As one example, a pre-coital medicament might contain a
moisturizer, to counteract the astringent effects of irrigant,
while a post-coital medicament might contain a small concentration
of Vitamin E, retinol, and/or other agent(s) that can promote
better long-term benefits if allowed to remain in place for a
longer period of time.
[0107] In general, concentrations of irrigants in medicaments as
disclosed herein are likely to range from about 0.1% to about 20%
w/w, depending on which particular irrigant is used. Higher
concentrations may also be used, if desired. In one approach which
takes varying individual factors (such as skin sensitivity,
perceived degree of risk, etc) into account, an assortment of
different medicaments with varying irrigant concentrations may be
sold, and anyone who wishes to use one will be free to several
different concentrations, and choose one based on his or her own
preference. This is comparable to sunblocking agents being sold
with a range of different "sun protection factors".

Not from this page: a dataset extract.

(* Let $F_0$ be a weighted QF-NIA formula consisting of a set $H_0$ of hard clauses and a set $S_0=\{[D_1,\Omega_1],\dots,[D_m,\Omega_m]\}$ of soft clauses with positive natural-number weights. Consider the following procedure $\mathrm{SolveMaxSMT}(F_0)$. Initialization. Choose artificial bounds $B$ sufficient to linearize $F_0$. Linearize to obtain linear hard clauses $H$ and linear soft clauses $S$ (see context). Set $\mathit{bsf}:=\mathrm{undef}$ and $\mathit{msc}:=\infty$. Loop. Repeat until a time limit is exceeded. Call a threshold Max-SMT(QF-LIA) oracle on $(H,S,B,\mathit{msc})$. This oracle returns $\mathrm{Unsat}$ if there is no integer model $\alpha$ of $H$ with $\mathrm{cost}_S(\alpha)\le\mathit{msc}$. Otherwise it returns a model $M$ of $H$ with $\mathrm{cost}_S(M)\le\mathit{msc}$ minimizing the pair $(\mathrm{cost}_B(M),\mathrm{cost}_S(M))$ lexicographically among all such models. Act on the result as follows. - If the oracle returns $\mathrm{Unsat}$: return $\langle\mathrm{Unsat},\mathrm{undef}\rangle$ if $\mathit{bsf}=\mathrm{undef}$, and $\langle\mathrm{Sat},\mathit{bsf}\rangle$ otherwise. - Else, if $\mathrm{cost}_B(M)=0$: set $\mathit{bsf}:=M$ and $\mathit{msc}:=\mathrm{cost}_S(M)-1$. - Else: choose a nonempty set of bounds of $B$ violated by $M$. Replace each such $V\ge L$ by $V\ge M(V)$ and each such $V\le U$ by $V\le M(V)$. Add to $H$ the case-splitting clauses $V=K\rightarrow v_Q=Q[V:=K]$ for every value $K$ newly included in the domain of $V$ and every monomial $Q$ linearized using $V$. Timeout. If the time limit is exceeded, return $\langle\mathrm{Unknown},\mathrm{undef}\rangle$. Then: (i) if $\mathrm{SolveMaxSMT}(F_0)$ returns $\langle\mathrm{Sat},M\rangle$, then $H_0$ is satisfiable and $M$ (restricted to the variables of $F_0$) is a model of $H_0$ that minimizes the sum of the weights of the clauses of $S_0$ it falsifies, among all integer models of $H_0$; (ii) if $\mathrm{SolveMaxSMT}(F_0)$ returns $\langle\mathrm{Unsat},\mathrm{undef}\rangle$, then $H_0$ is unsatisfiable over the integers.
   Context: QF-NIA clauses are disjunctions of polynomial inequalities with integer coefficients over integer-valued variables. Artificial bounds are a finite set $B$ of constraints $V\ge L$ or $V\le U$ ($L,U\in\mathbb{Z}$). Linearization. While some non-linear monomial $Q$ occurs, pick a variable $V$ of $Q$ having both a lower bound $l$ and an upper bound $u$ (from $F_0$ or $B$). Introduce a fresh integer variable $v_Q$ and replace every occurrence of $Q$ by $v_Q$. Add, for each integer $K$ with $l\le K\le u$, the case-splitting clause $V=K\rightarrow v_Q=Q[V:=K]$, where $Q[V:=K]$ is $Q$ with $V$ evaluated at $K$. New non-linear monomials are processed in the same way. Linear clauses. $H$ consists of the clauses of $H_0$ with monomials replaced by their fresh variables, together with all case-splitting clauses. $S$ consists of the soft clauses $[D_i',\Omega_i]$, where $D_i'$ is $D_i$ with monomials replaced. Costs. For an assignment $\alpha$, the bound cost $\mathrm{cost}_B(\alpha)$ is the number of bounds of $B$ (each treated as a soft clause of weight $1$) that $\alpha$ violates. The soft cost $\mathrm{cost}_S(\alpha)$ is $\sum\{\Omega : [D,\Omega]\in S,\ \alpha\not\models D\}$. *)

theory Defs
  imports Main "HOL-Library.Multiset"
begin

[0108] Medicaments of the present invention may be used alone or
together with a wash comprising alkaline ionized water, or
electrolyzed reduced water (ERW). Ionized water is the product of
mild electrolysis. It serves to balance the body's pH. A body that
is too acidic provides the ideal environment for diseases to
manifest and thrive. Thus, an ionized wash used in accordance with
the present invention may balance any pH imbalance caused by
administration of the claimed irrigant-containing medicaments.
[0109] Medicaments of the present invention may also be used with
an antimicrobial plasma gas, either administered before or after
the medicament is administered.
[0110] Having thus described in detail preferred embodiments of the
present invention, it is to be understood that the invention
defined by the above paragraphs is not to be limited to particular
details set forth in the above description as many apparent
variations thereof are possible without departing from the spirit
or scope of the present invention.
[0111] Each patent, patent application, and publication cited or
described in the present application is hereby incorporated by
reference in its entirety as if each individual patent, patent
application, or publication was specifically and individually
indicated to be incorporated by reference.